== Segment start ==

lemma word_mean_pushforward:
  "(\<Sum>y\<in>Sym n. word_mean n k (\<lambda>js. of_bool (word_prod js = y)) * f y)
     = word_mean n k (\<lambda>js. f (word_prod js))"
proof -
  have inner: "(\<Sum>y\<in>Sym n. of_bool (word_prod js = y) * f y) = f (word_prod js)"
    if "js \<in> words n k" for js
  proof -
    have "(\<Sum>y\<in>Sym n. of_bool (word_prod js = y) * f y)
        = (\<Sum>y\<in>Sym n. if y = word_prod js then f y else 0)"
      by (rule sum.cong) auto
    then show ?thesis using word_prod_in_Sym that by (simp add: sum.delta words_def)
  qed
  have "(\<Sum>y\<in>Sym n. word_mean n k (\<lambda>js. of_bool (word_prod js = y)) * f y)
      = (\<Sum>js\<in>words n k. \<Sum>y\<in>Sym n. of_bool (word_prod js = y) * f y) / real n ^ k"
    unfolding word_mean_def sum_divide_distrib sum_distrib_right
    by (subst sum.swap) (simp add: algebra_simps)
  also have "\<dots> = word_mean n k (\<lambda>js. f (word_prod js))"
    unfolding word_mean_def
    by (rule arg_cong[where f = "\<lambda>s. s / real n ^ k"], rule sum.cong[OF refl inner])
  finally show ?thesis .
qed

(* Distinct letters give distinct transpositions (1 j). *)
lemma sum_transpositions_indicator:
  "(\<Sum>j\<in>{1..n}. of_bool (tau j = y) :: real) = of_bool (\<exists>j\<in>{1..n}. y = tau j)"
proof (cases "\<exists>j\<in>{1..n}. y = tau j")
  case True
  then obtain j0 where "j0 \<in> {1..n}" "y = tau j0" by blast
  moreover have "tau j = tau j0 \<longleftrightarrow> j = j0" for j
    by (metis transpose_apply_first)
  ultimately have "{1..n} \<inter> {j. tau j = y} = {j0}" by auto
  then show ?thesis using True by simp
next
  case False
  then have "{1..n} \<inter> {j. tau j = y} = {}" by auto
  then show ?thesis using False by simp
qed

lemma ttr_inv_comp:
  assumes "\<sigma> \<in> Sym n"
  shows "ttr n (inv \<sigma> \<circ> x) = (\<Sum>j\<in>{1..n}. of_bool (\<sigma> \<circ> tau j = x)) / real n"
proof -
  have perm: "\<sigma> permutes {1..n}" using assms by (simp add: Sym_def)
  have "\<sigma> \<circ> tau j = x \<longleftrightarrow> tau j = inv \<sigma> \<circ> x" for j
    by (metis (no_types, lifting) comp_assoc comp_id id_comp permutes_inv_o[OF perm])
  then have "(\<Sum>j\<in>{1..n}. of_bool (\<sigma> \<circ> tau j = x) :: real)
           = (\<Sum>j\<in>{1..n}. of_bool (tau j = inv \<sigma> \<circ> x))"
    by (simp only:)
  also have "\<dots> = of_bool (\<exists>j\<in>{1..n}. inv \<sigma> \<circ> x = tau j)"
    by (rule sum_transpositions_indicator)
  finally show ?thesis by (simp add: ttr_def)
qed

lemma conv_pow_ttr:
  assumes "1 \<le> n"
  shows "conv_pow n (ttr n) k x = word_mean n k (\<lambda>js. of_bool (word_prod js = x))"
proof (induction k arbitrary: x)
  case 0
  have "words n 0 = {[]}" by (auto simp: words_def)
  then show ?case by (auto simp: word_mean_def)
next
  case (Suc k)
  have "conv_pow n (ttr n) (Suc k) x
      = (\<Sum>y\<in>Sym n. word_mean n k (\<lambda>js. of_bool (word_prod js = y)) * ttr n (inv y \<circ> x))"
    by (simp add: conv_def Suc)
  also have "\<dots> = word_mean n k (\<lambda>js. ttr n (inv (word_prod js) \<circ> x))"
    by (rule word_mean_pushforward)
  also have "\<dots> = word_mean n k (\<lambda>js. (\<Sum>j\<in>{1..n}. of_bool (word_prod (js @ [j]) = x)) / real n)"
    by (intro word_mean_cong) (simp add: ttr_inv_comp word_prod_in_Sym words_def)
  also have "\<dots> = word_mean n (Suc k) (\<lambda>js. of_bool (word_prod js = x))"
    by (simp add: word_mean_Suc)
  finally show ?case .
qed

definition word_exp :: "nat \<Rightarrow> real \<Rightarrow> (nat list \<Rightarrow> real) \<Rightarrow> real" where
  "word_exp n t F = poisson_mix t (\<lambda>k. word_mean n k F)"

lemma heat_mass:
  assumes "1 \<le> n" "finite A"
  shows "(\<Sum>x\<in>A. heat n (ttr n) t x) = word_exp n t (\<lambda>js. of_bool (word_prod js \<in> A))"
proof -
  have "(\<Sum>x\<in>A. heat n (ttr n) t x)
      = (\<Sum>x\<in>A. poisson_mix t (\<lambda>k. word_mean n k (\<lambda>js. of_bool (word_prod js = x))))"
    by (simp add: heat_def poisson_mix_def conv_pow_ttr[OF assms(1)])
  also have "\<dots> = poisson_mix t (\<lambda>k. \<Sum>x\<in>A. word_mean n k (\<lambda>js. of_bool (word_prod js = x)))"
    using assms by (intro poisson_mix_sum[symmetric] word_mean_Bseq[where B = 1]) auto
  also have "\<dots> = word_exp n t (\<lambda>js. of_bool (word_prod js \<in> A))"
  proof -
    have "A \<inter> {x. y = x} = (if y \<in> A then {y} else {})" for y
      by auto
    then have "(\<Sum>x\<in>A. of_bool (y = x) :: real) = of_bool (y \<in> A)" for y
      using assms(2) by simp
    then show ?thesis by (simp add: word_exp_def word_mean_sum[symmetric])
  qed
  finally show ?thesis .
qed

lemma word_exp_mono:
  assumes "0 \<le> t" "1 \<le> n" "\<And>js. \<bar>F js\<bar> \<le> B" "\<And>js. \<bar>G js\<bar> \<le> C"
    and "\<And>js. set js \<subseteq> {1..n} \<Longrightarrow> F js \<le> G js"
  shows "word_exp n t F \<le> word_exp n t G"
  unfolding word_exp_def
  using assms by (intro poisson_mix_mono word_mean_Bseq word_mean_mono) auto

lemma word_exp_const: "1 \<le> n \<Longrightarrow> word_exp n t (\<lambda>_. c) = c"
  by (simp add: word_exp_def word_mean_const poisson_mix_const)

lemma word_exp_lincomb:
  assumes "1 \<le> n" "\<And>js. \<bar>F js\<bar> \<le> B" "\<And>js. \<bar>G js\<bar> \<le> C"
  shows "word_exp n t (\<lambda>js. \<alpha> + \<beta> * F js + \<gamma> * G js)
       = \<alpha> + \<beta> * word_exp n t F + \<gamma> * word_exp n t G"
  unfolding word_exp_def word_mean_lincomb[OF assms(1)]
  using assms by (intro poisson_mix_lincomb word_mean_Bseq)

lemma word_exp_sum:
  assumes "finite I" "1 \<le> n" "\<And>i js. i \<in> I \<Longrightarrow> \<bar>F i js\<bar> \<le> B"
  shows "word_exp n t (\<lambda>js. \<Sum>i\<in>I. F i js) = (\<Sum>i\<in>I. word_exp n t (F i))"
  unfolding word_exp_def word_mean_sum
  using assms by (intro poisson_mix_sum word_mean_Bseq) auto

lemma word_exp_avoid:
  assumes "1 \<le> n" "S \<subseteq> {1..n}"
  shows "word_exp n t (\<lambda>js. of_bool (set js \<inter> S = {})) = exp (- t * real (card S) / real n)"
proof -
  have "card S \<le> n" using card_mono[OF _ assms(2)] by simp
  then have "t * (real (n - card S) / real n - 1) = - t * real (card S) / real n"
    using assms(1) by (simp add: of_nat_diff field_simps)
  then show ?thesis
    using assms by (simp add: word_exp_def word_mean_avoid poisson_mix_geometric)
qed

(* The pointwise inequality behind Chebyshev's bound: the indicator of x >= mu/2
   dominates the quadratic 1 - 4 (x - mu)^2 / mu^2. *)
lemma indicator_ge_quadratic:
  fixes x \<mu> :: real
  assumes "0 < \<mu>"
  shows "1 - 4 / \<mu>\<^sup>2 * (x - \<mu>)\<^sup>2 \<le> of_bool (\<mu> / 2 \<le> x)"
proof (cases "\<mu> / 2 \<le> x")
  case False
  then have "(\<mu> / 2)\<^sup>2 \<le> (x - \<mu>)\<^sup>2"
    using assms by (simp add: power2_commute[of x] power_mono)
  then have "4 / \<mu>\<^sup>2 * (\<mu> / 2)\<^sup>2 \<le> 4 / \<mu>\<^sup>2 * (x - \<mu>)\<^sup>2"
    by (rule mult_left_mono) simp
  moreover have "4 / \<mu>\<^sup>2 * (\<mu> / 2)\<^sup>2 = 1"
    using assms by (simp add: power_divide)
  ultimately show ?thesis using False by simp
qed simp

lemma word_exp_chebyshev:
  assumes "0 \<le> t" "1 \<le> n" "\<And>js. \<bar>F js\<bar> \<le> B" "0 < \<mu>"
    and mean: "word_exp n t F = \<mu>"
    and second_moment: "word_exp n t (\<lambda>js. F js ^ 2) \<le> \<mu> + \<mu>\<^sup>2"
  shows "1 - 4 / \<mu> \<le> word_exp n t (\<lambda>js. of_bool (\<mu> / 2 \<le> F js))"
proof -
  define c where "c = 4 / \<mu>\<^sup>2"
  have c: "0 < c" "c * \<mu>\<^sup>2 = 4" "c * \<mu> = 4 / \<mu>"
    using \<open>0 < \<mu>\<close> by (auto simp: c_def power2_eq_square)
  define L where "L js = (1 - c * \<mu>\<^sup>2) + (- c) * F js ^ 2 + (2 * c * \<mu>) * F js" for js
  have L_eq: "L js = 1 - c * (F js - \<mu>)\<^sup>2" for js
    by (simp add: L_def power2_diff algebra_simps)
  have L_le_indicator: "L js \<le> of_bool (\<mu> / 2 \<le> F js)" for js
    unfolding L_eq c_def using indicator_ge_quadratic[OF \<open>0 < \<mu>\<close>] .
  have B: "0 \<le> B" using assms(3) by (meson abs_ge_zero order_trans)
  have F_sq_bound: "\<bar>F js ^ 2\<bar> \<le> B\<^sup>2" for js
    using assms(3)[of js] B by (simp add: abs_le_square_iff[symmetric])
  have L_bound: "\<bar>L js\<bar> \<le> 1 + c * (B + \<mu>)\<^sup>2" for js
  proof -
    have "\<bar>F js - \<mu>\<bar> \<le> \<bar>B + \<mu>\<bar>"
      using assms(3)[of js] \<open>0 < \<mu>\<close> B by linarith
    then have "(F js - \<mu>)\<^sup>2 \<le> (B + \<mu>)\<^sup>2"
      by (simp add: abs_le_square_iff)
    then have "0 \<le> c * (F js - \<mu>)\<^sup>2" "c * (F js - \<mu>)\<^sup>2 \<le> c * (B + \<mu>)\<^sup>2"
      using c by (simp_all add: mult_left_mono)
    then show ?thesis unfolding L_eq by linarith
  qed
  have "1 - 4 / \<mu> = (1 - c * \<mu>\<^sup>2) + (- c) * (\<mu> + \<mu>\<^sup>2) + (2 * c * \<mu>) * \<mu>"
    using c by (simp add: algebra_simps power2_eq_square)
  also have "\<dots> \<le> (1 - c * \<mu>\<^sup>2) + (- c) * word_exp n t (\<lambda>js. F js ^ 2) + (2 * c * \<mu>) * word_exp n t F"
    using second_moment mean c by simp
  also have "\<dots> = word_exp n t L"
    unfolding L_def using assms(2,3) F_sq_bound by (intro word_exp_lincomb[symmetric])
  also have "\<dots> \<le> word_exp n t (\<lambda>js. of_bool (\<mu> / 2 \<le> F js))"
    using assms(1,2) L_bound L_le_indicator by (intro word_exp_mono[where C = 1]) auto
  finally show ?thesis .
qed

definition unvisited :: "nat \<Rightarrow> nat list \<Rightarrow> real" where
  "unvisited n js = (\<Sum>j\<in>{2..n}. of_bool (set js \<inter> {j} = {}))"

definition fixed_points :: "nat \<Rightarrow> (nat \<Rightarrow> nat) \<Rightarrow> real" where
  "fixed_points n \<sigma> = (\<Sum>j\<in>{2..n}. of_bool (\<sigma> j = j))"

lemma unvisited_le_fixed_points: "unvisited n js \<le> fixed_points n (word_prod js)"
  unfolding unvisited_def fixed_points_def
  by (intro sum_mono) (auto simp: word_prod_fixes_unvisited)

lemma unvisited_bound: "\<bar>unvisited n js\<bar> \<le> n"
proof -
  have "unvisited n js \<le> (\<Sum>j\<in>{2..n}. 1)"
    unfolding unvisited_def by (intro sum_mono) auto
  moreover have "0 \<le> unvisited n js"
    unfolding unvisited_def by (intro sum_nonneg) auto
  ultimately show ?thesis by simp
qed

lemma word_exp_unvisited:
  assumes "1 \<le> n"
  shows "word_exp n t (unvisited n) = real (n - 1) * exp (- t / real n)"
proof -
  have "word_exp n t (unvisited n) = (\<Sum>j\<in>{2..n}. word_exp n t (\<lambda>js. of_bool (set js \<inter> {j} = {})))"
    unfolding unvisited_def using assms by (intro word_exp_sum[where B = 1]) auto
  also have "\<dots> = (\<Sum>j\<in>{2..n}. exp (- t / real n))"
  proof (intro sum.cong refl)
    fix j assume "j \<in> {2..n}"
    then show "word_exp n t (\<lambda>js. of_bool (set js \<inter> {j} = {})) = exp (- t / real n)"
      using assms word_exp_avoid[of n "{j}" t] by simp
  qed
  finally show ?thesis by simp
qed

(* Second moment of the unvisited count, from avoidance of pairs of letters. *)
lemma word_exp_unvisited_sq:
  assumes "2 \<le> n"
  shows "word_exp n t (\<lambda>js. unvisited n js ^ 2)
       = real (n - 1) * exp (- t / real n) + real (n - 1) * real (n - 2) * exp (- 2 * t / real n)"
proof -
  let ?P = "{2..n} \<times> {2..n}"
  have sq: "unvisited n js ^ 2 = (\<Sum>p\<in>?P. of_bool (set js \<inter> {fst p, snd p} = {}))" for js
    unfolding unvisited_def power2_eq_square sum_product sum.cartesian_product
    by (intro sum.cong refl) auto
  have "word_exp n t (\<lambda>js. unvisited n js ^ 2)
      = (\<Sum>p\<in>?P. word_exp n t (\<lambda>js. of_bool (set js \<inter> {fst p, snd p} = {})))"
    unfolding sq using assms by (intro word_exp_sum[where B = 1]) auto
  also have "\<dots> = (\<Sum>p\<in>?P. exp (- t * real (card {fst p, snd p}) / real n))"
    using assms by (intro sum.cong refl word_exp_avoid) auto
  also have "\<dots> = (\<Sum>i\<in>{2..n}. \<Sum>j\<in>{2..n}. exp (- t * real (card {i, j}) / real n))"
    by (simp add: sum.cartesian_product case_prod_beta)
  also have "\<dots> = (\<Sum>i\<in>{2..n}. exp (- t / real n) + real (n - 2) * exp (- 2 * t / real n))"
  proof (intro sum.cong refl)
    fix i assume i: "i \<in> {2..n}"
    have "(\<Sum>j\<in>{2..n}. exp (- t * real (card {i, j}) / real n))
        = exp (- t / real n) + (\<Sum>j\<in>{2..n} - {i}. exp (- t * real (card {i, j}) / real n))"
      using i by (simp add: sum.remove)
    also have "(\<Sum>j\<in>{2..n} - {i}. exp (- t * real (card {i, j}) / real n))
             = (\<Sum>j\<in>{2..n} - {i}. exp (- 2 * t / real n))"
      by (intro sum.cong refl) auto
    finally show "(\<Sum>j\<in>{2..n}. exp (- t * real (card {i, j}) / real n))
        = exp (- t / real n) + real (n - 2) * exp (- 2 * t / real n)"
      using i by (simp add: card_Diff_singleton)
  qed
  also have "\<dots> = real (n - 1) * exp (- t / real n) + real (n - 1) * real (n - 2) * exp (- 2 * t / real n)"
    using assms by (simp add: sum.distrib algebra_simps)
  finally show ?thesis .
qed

== Segment end ==

**WHAT IS BEING ASKED:** Find "fix i assume" in the data above, then repeat that line and all lines after it exactly, ending with the final line.

**RESPONSE AREA:**
    fix i assume i: "i \<in> {2..n}"
    have "(\<Sum>j\<in>{2..n}. exp (- t * real (card {i, j}) / real n))
        = exp (- t / real n) + (\<Sum>j\<in>{2..n} - {i}. exp (- t * real (card {i, j}) / real n))"
      using i by (simp add: sum.remove)
    also have "(\<Sum>j\<in>{2..n} - {i}. exp (- t * real (card {i, j}) / real n))
             = (\<Sum>j\<in>{2..n} - {i}. exp (- 2 * t / real n))"
      by (intro sum.cong refl) auto
    finally show "(\<Sum>j\<in>{2..n}. exp (- t * real (card {i, j}) / real n))
        = exp (- t / real n) + real (n - 2) * exp (- 2 * t / real n)"
      using i by (simp add: card_Diff_singleton)
  qed
  also have "\<dots> = real (n - 1) * exp (- t / real n) + real (n - 1) * real (n - 2) * exp (- 2 * t / real n)"
    using assms by (simp add: sum.distrib algebra_simps)
  finally show ?thesis .
qed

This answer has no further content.